◆ **Task item**
The records sit below. Return every line in them that holds the word "using".

──────

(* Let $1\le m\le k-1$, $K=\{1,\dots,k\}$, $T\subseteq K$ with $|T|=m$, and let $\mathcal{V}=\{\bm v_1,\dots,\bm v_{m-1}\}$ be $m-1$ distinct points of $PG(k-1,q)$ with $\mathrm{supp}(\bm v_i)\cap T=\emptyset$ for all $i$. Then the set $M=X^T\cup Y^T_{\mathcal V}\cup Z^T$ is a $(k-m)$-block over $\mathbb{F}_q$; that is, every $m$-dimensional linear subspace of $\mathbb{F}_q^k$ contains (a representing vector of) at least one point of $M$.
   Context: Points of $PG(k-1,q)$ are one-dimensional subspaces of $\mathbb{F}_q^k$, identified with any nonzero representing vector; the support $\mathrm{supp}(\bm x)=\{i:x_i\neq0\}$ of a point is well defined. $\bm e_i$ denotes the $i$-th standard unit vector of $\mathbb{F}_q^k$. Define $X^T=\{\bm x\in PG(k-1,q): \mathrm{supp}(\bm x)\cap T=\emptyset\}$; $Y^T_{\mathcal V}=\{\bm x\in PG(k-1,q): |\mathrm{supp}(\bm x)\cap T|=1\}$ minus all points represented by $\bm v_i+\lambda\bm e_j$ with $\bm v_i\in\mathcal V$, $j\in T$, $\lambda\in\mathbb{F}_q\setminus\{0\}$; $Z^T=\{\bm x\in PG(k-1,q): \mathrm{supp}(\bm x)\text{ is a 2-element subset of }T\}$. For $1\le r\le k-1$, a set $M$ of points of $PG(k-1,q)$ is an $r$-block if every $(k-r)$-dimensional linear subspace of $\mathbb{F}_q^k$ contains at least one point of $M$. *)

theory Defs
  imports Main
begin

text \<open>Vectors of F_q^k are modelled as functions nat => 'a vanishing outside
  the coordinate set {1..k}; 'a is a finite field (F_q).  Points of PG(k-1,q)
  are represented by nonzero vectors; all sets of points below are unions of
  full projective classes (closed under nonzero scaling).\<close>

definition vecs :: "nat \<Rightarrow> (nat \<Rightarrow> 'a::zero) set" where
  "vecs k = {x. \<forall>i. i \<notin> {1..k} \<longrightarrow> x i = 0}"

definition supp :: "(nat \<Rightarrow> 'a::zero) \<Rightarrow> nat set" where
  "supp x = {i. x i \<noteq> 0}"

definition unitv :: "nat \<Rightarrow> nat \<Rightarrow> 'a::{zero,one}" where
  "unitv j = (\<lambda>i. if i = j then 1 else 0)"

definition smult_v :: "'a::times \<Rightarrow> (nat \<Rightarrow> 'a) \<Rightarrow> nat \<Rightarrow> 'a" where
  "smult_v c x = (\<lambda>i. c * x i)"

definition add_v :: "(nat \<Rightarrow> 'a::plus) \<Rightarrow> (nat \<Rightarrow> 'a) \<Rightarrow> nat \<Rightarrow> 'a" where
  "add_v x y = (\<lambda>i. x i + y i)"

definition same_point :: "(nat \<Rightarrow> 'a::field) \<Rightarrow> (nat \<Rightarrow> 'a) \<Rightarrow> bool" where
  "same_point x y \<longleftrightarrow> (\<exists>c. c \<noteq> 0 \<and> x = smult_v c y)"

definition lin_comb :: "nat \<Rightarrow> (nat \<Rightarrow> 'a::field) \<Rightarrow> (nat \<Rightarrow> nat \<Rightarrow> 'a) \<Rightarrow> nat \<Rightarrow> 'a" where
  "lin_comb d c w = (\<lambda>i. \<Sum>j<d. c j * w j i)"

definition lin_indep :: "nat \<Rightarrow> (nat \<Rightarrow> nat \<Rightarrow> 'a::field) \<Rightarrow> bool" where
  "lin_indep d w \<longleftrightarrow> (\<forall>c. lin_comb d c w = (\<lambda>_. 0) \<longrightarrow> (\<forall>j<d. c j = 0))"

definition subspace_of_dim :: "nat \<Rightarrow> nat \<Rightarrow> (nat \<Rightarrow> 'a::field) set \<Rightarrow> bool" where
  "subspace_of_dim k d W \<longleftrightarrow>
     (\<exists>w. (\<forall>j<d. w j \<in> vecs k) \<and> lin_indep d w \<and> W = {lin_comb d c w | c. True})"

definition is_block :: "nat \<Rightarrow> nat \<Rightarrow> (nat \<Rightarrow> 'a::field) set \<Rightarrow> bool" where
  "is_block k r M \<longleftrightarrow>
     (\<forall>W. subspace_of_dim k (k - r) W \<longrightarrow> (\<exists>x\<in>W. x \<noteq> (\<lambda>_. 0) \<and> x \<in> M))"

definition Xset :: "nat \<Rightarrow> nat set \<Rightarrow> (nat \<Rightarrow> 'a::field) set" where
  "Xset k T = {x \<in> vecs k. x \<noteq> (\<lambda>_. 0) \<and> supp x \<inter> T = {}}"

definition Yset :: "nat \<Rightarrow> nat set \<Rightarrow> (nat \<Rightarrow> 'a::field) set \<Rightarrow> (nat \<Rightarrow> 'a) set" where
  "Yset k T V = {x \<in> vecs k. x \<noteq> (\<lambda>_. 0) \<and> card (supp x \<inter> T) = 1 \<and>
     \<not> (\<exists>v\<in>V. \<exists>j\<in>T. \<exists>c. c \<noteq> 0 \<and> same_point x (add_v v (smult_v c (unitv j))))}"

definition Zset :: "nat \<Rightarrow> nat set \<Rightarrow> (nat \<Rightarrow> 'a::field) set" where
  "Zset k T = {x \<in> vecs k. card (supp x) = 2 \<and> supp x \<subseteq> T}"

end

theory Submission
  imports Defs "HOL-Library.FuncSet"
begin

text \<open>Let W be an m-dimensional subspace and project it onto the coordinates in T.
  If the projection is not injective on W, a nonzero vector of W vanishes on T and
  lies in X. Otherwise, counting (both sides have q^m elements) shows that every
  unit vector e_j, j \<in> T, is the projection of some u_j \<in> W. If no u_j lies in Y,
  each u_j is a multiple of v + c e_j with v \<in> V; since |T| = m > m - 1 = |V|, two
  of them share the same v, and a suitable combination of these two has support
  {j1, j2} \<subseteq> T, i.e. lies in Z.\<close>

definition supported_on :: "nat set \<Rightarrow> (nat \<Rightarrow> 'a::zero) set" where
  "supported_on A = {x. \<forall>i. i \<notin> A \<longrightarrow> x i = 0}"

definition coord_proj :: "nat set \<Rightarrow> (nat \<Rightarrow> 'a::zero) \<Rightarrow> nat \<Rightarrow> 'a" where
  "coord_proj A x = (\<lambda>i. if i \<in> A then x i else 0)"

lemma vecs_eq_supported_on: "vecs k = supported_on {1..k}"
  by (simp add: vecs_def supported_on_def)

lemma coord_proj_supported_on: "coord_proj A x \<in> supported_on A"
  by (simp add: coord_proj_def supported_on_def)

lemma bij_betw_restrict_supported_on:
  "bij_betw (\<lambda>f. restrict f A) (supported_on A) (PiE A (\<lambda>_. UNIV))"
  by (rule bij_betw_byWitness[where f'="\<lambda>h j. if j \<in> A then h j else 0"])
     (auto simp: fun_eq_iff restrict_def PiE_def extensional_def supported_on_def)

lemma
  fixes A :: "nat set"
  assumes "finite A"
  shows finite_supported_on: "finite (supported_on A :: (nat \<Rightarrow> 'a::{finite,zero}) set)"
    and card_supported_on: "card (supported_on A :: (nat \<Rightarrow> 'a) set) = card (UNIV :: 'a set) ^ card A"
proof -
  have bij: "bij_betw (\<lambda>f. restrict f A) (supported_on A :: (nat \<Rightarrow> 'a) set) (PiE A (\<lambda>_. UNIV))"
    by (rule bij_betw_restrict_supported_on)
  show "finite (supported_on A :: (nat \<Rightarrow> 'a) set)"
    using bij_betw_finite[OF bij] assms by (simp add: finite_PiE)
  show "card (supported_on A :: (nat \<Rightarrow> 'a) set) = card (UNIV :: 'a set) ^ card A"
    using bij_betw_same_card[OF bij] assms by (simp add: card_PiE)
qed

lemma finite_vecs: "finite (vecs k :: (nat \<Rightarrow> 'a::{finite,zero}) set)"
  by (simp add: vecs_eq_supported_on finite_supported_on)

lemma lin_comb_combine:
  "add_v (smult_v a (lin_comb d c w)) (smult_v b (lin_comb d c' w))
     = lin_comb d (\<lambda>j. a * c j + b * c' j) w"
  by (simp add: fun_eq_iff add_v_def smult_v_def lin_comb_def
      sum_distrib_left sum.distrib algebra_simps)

──────

◆ **Your response**
    using bij_betw_finite[OF bij] assms by (simp add: finite_PiE)
    using bij_betw_same_card[OF bij] assms by (simp add: card_PiE)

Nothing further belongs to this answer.